O Reformatório Krenak aprisionou indígenas considerados rebeldes pelo regime. Foram levados para o “campo de concentração”, como definiu o sertanista Antônio Cotrim Soares, por resistirem à invasão dos seus territórios, por se desentenderem com militares e até mesmo por suposta vadiagem. A prisão encarcerou centenas de indígenas de ao menos 23 etnias de diversos estados do Brasil.

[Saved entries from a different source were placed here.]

(* If $V$ is an $\Re$-module containing a vector $v$ with $Bv=\theta_0^*v$, $(B-\theta_1^* )(A-\theta_0)v=\varphi_1v$, $\alpha v=\zeta v$, $\beta v=\zeta^*v$, $\delta v=\eta v$, then there exists a unique $\Re$-module homomorphism $M_\nu(a,b,c)\to V$ sending $m_0$ to $v$.
   Context: $\mathbb F$ is algebraically closed with $\operatorname{char}\mathbb F\ne2$. The Racah algebra $\Re$ is the unital associative $\mathbb F$-algebra with generators $A,B,C,D$ and relations $[A,B]=[B,C]=[C,A]=2D$ together with the requirement that each of $\alpha:=[A,D]+AC-BA$, $\beta:=[B,D]+BA-CB$, $\gamma:=[C,D]+CB-AC$ is central in $\Re$; $\delta:=A+B+C$. For $a,b,c,\nu\in\mathbb F$ and $i\in\mathbb Z$: $\theta_i=(a+\tfrac\nu2-i)(a+\tfrac\nu2-i+1)$, $\theta_i^*=(b+\tfrac\nu2-i)(b+\tfrac\nu2-i+1)$, $\varphi_i=i(i-\nu-1)(a+b+c+\tfrac\nu2-i+2)(a+b-c+\tfrac\nu2-i+1)$, $\zeta=(c-b)(c+b+1)(a-\tfrac\nu2)(a+\tfrac\nu2+1)$, $\zeta^*=(a-c)(a+c+1)(b-\tfrac\nu2)(b+\tfrac\nu2+1)$, $\eta=\tfrac\nu2(\tfrac\nu2+1)+a(a+1)+b(b+1)+c(c+1)$. $M_\nu(a,b,c)$ is the $\Re$-module with $\mathbb F$-basis $\{m_i\}_{i\ge0}$ such that $Am_i=\theta_im_i+m_{i+1}$ ($i\ge0$), $Bm_0=\theta_0^*m_0$, $Bm_i=\theta_i^*m_i+\varphi_im_{i-1}$ ($i\ge1$), and $\alpha,\beta,\delta$ act as $\zeta,\zeta^*,\eta$. *)

theory Defs
  imports "HOL-Computational_Algebra.Polynomial"
begin

definition opcomm :: "('v::ab_group_add \<Rightarrow> 'v) \<Rightarrow> ('v \<Rightarrow> 'v) \<Rightarrow> 'v \<Rightarrow> 'v" where
  "opcomm X Y = (\<lambda>x. X (Y x) - Y (X x))"

definition rac_alpha :: "('v::ab_group_add \<Rightarrow> 'v) \<Rightarrow> ('v \<Rightarrow> 'v) \<Rightarrow> ('v \<Rightarrow> 'v) \<Rightarrow> ('v \<Rightarrow> 'v) \<Rightarrow> 'v \<Rightarrow> 'v" where
  "rac_alpha A B C D = (\<lambda>x. opcomm A D x + A (C x) - B (A x))"
definition rac_beta :: "('v::ab_group_add \<Rightarrow> 'v) \<Rightarrow> ('v \<Rightarrow> 'v) \<Rightarrow> ('v \<Rightarrow> 'v) \<Rightarrow> ('v \<Rightarrow> 'v) \<Rightarrow> 'v \<Rightarrow> 'v" where
  "rac_beta A B C D = (\<lambda>x. opcomm B D x + B (A x) - C (B x))"
definition rac_gamma :: "('v::ab_group_add \<Rightarrow> 'v) \<Rightarrow> ('v \<Rightarrow> 'v) \<Rightarrow> ('v \<Rightarrow> 'v) \<Rightarrow> ('v \<Rightarrow> 'v) \<Rightarrow> 'v \<Rightarrow> 'v" where
  "rac_gamma A B C D = (\<lambda>x. opcomm C D x + C (B x) - A (C x))"
definition rac_delta :: "('v::ab_group_add \<Rightarrow> 'v) \<Rightarrow> ('v \<Rightarrow> 'v) \<Rightarrow> ('v \<Rightarrow> 'v) \<Rightarrow> 'v \<Rightarrow> 'v" where
  "rac_delta A B C = (\<lambda>x. A x + B x + C x)"

definition commutes_with_gens ::
  "('v \<Rightarrow> 'v) \<Rightarrow> ('v \<Rightarrow> 'v) \<Rightarrow> ('v \<Rightarrow> 'v) \<Rightarrow> ('v \<Rightarrow> 'v) \<Rightarrow> ('v \<Rightarrow> 'v) \<Rightarrow> bool" where
  "commutes_with_gens Z A B C D \<longleftrightarrow>
     (\<forall>x. Z (A x) = A (Z x)) \<and> (\<forall>x. Z (B x) = B (Z x)) \<and>
     (\<forall>x. Z (C x) = C (Z x)) \<and> (\<forall>x. Z (D x) = D (Z x))"

(* Central in the algebra = commutes with all generators. *)
definition racah_module ::
  "('f::field \<Rightarrow> 'v::ab_group_add \<Rightarrow> 'v) \<Rightarrow> ('v \<Rightarrow> 'v) \<Rightarrow> ('v \<Rightarrow> 'v) \<Rightarrow> ('v \<Rightarrow> 'v) \<Rightarrow> ('v \<Rightarrow> 'v) \<Rightarrow> bool" where
  "racah_module scale A B C D \<longleftrightarrow>
     vector_space scale \<and>
     module_hom scale scale A \<and> module_hom scale scale B \<and>
     module_hom scale scale C \<and> module_hom scale scale D \<and>
     (\<forall>x. opcomm A B x = scale 2 (D x)) \<and>
     (\<forall>x. opcomm B C x = scale 2 (D x)) \<and>
     (\<forall>x. opcomm C A x = scale 2 (D x)) \<and>
     commutes_with_gens (rac_alpha A B C D) A B C D \<and>
     commutes_with_gens (rac_beta A B C D) A B C D \<and>
     commutes_with_gens (rac_gamma A B C D) A B C D"

definition racah_hom ::
  "('f::field \<Rightarrow> 'u::ab_group_add \<Rightarrow> 'u) \<Rightarrow> ('u \<Rightarrow> 'u) \<Rightarrow> ('u \<Rightarrow> 'u) \<Rightarrow> ('u \<Rightarrow> 'u) \<Rightarrow> ('u \<Rightarrow> 'u) \<Rightarrow>
   ('f \<Rightarrow> 'v::ab_group_add \<Rightarrow> 'v) \<Rightarrow> ('v \<Rightarrow> 'v) \<Rightarrow> ('v \<Rightarrow> 'v) \<Rightarrow> ('v \<Rightarrow> 'v) \<Rightarrow> ('v \<Rightarrow> 'v) \<Rightarrow>
   ('u \<Rightarrow> 'v) \<Rightarrow> bool" where
  "racah_hom s1 A1 B1 C1 D1 s2 A2 B2 C2 D2 f \<longleftrightarrow>
     module_hom s1 s2 f \<and>
     (\<forall>x. f (A1 x) = A2 (f x)) \<and> (\<forall>x. f (B1 x) = B2 (f x)) \<and>
     (\<forall>x. f (C1 x) = C2 (f x)) \<and> (\<forall>x. f (D1 x) = D2 (f x))"

definition th :: "'f::field \<Rightarrow> 'f \<Rightarrow> int \<Rightarrow> 'f" where
  "th a \<nu> i = (a + \<nu>/2 - of_int i) * (a + \<nu>/2 - of_int i + 1)"
definition ths :: "'f::field \<Rightarrow> 'f \<Rightarrow> int \<Rightarrow> 'f" where
  "ths b \<nu> i = (b + \<nu>/2 - of_int i) * (b + \<nu>/2 - of_int i + 1)"
definition phi :: "'f::field \<Rightarrow> 'f \<Rightarrow> 'f \<Rightarrow> 'f \<Rightarrow> int \<Rightarrow> 'f" where
  "phi a b c \<nu> i = of_int i * (of_int i - \<nu> - 1) * (a + b + c + \<nu>/2 - of_int i + 2)
                     * (a + b - c + \<nu>/2 - of_int i + 1)"
definition zeta :: "'f::field \<Rightarrow> 'f \<Rightarrow> 'f \<Rightarrow> 'f \<Rightarrow> 'f" where
  "zeta a b c \<nu> = (c - b) * (c + b + 1) * (a - \<nu>/2) * (a + \<nu>/2 + 1)"
definition zetas :: "'f::field \<Rightarrow> 'f \<Rightarrow> 'f \<Rightarrow> 'f \<Rightarrow> 'f" where
  "zetas a b c \<nu> = (a - c) * (a + c + 1) * (b - \<nu>/2) * (b + \<nu>/2 + 1)"
definition eta :: "'f::field \<Rightarrow> 'f \<Rightarrow> 'f \<Rightarrow> 'f \<Rightarrow> 'f" where
  "eta a b c \<nu> = \<nu>/2 * (\<nu>/2 + 1) + a * (a + 1) + b * (b + 1) + c * (c + 1)"

(* The module M_nu(a,b,c): underlying space = finitely supported sequences,
   represented as 'f poly, with basis m_i = monom 1 i; scalar multiplication smult. *)
definition mvec :: "nat \<Rightarrow> 'f::field poly" where
  "mvec i = monom 1 i"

Finalizada em dezembro de 2014, a CNV dedicou um capítulo do relatório aos povos originários. Estimou que, entre 1946 e 1988, pelo menos 8.350 indígenas morreram por ação ou omissão do Estado. O número, no entanto, é exponencialmente maior porque foram estudadas apenas dez das 305 etnias presentes no país. Além das mortes, houve uma série de outras violações de direitos humanos, como torturas, maus-tratos, deslocamentos forçados e roubo de terras.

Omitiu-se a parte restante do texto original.